___ Data for analysis

lemma torus_int_helicity_production_eq_0:
  fixes F :: "two_scale \<Rightarrow> real^3" and P :: "two_scale \<Rightarrow> real"
    and U :: "(real^3) \<times> real \<Rightarrow> real^3" and W :: "real^3 \<Rightarrow> real^3 \<Rightarrow> real^3"
  assumes F: "smooth_map F" and P: "smooth_map P" and U: "smooth_map U"
    and perF1: "\<And>x2 t. periodic3 (\<lambda>x1. F (x1, x2, t))" and perF2: "\<And>x1 t. periodic3 (\<lambda>x2. F (x1, x2, t))"
    and perP: "\<And>x1 t. periodic3 (\<lambda>x2. P (x1, x2, t))" and perU: "periodic3 (\<lambda>x1. U (x1, t))"
    and div_free: "\<And>x1. (\<Sum>j\<in>UNIV. iter_dd [(axis j 1, 0)] U (x1, t) $ j) = 0"
    and eq: "\<And>x1 x2. iter_dd [dir_t] F (x1, x2, t) =
        - (\<Sum>j\<in>UNIV. U (x1, t) $ j *\<^sub>R iter_dd [dir1 j] F (x1, x2, t))
        + cross3 (W x1 x2) (curl2 F (x1, x2, t)) - (\<chi> j. iter_dd [dir2 j] P (x1, x2, t))"
  shows "torus_int (\<lambda>x1. torus_int (\<lambda>x2. iter_dd [dir_t] F (x1, x2, t) \<bullet> curl2 F (x1, x2, t))) = 0"
proof -
  define R where "R x1 x2 = (\<Sum>j\<in>UNIV. U (x1, t) $ j * iter_dd [dir1 j] (helicity_density F) (x1, x2, t))"
    for x1 x2
  note DH = has_continuous_derivative_helicity_density[OF F]
  have cR: "continuous_on UNIV (\<lambda>(x1, x2). R x1 x2)"
    unfolding R_def split_beta
    by (intro continuous_intros continuous_on_compose2[OF smooth_map_imp_continuous_on[OF U]]
        continuous_on_compose2[OF has_continuous_derivative_continuous_on_deriv[OF DH]]) auto
  have "2 * torus_int (\<lambda>x2. iter_dd [dir_t] F (x1, x2, t) \<bullet> curl2 F (x1, x2, t)) =
      - torus_int (\<lambda>x2. R x1 x2)" for x1
  proof -
    have "continuous_on UNIV (\<lambda>x2. U (x1, t) $ j * iter_dd [dir1 j] (helicity_density F) (x1, x2, t))" for j
      by (intro continuous_intros
          continuous_on_slice2[OF has_continuous_derivative_continuous_on_deriv[OF DH]])
    then have "torus_int (\<lambda>x2. R x1 x2) =
        (\<Sum>j\<in>UNIV. U (x1, t) $ j * torus_int (\<lambda>x2. iter_dd [dir1 j] (helicity_density F) (x1, x2, t)))"
      unfolding R_def by (simp only: torus_int_sum torus_int_mult_right)
    then show ?thesis
      using torus_int_helicity_production_slice2[OF F P perF2 perP eq] by simp
  qed
  then have "2 * torus_int (\<lambda>x1. torus_int (\<lambda>x2. iter_dd [dir_t] F (x1, x2, t) \<bullet> curl2 F (x1, x2, t))) =
      - torus_int (\<lambda>x1. torus_int (\<lambda>x2. R x1 x2))"
    by (simp add: torus_int_def flip: integral_mult_right integral_neg)
  also have "\<dots> = - torus_int (\<lambda>x2. torus_int (\<lambda>x1. R x1 x2))"
    by (simp only: torus_int_swap[OF cR])
  also have "\<dots> = 0"
  proof -
    have "torus_int (\<lambda>x1. R x1 x2) = 0" for x2
      unfolding R_def dir1_def
      by (rule torus_int_transport_divergence_free
          [OF has_continuous_derivative_slice1[OF DH] has_continuous_derivative_slice_space
            [OF smooth_map_has_continuous_derivative[OF U]]
            periodic3_slice1_helicity_density[OF F perF1] perU div_free])
    then show ?thesis by (simp add: torus_int_def)
  qed
  finally show ?thesis by simp
qed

______

> _The problem_
Your reply should consist of the records, copied exactly.

> _Answer to the exercise_
lemma torus_int_helicity_production_eq_0:
  fixes F :: "two_scale \<Rightarrow> real^3" and P :: "two_scale \<Rightarrow> real"
    and U :: "(real^3) \<times> real \<Rightarrow> real^3" and W :: "real^3 \<Rightarrow> real^3 \<Rightarrow> real^3"
  assumes F: "smooth_map F" and P: "smooth_map P" and U: "smooth_map U"
    and perF1: "\<And>x2 t. periodic3 (\<lambda>x1. F (x1, x2, t))" and perF2: "\<And>x1 t. periodic3 (\<lambda>x2. F (x1, x2, t))"
    and perP: "\<And>x1 t. periodic3 (\<lambda>x2. P (x1, x2, t))" and perU: "periodic3 (\<lambda>x1. U (x1, t))"
    and div_free: "\<And>x1. (\<Sum>j\<in>UNIV. iter_dd [(axis j 1, 0)] U (x1, t) $ j) = 0"
    and eq: "\<And>x1 x2. iter_dd [dir_t] F (x1, x2, t) =
        - (\<Sum>j\<in>UNIV. U (x1, t) $ j *\<^sub>R iter_dd [dir1 j] F (x1, x2, t))
        + cross3 (W x1 x2) (curl2 F (x1, x2, t)) - (\<chi> j. iter_dd [dir2 j] P (x1, x2, t))"
  shows "torus_int (\<lambda>x1. torus_int (\<lambda>x2. iter_dd [dir_t] F (x1, x2, t) \<bullet> curl2 F (x1, x2, t))) = 0"
proof -
  define R where "R x1 x2 = (\<Sum>j\<in>UNIV. U (x1, t) $ j * iter_dd [dir1 j] (helicity_density F) (x1, x2, t))"
    for x1 x2
  note DH = has_continuous_derivative_helicity_density[OF F]
  have cR: "continuous_on UNIV (\<lambda>(x1, x2). R x1 x2)"
    unfolding R_def split_beta
    by (intro continuous_intros continuous_on_compose2[OF smooth_map_imp_continuous_on[OF U]]
        continuous_on_compose2[OF has_continuous_derivative_continuous_on_deriv[OF DH]]) auto
  have "2 * torus_int (\<lambda>x2. iter_dd [dir_t] F (x1, x2, t) \<bullet> curl2 F (x1, x2, t)) =
      - torus_int (\<lambda>x2. R x1 x2)" for x1
  proof -
    have "continuous_on UNIV (\<lambda>x2. U (x1, t) $ j * iter_dd [dir1 j] (helicity_density F) (x1, x2, t))" for j
      by (intro continuous_intros
          continuous_on_slice2[OF has_continuous_derivative_continuous_on_deriv[OF DH]])
    then have "torus_int (\<lambda>x2. R x1 x2) =
        (\<Sum>j\<in>UNIV. U (x1, t) $ j * torus_int (\<lambda>x2. iter_dd [dir1 j] (helicity_density F) (x1, x2, t)))"
      unfolding R_def by (simp only: torus_int_sum torus_int_mult_right)
    then show ?thesis
      using torus_int_helicity_production_slice2[OF F P perF2 perP eq] by simp
  qed
  then have "2 * torus_int (\<lambda>x1. torus_int (\<lambda>x2. iter_dd [dir_t] F (x1, x2, t) \<bullet> curl2 F (x1, x2, t))) =
      - torus_int (\<lambda>x1. torus_int (\<lambda>x2. R x1 x2))"
    by (simp add: torus_int_def flip: integral_mult_right integral_neg)
  also have "\<dots> = - torus_int (\<lambda>x2. torus_int (\<lambda>x1. R x1 x2))"
    by (simp only: torus_int_swap[OF cR])
  also have "\<dots> = 0"
  proof -
    have "torus_int (\<lambda>x1. R x1 x2) = 0" for x2
      unfolding R_def dir1_def
      by (rule torus_int_transport_divergence_free
          [OF has_continuous_derivative_slice1[OF DH] has_continuous_derivative_slice_space
            [OF smooth_map_has_continuous_derivative[OF U]]
            periodic3_slice1_helicity_density[OF F perF1] perU div_free])
    then show ?thesis by (simp add: torus_int_def)
  qed
  finally show ?thesis by simp
qed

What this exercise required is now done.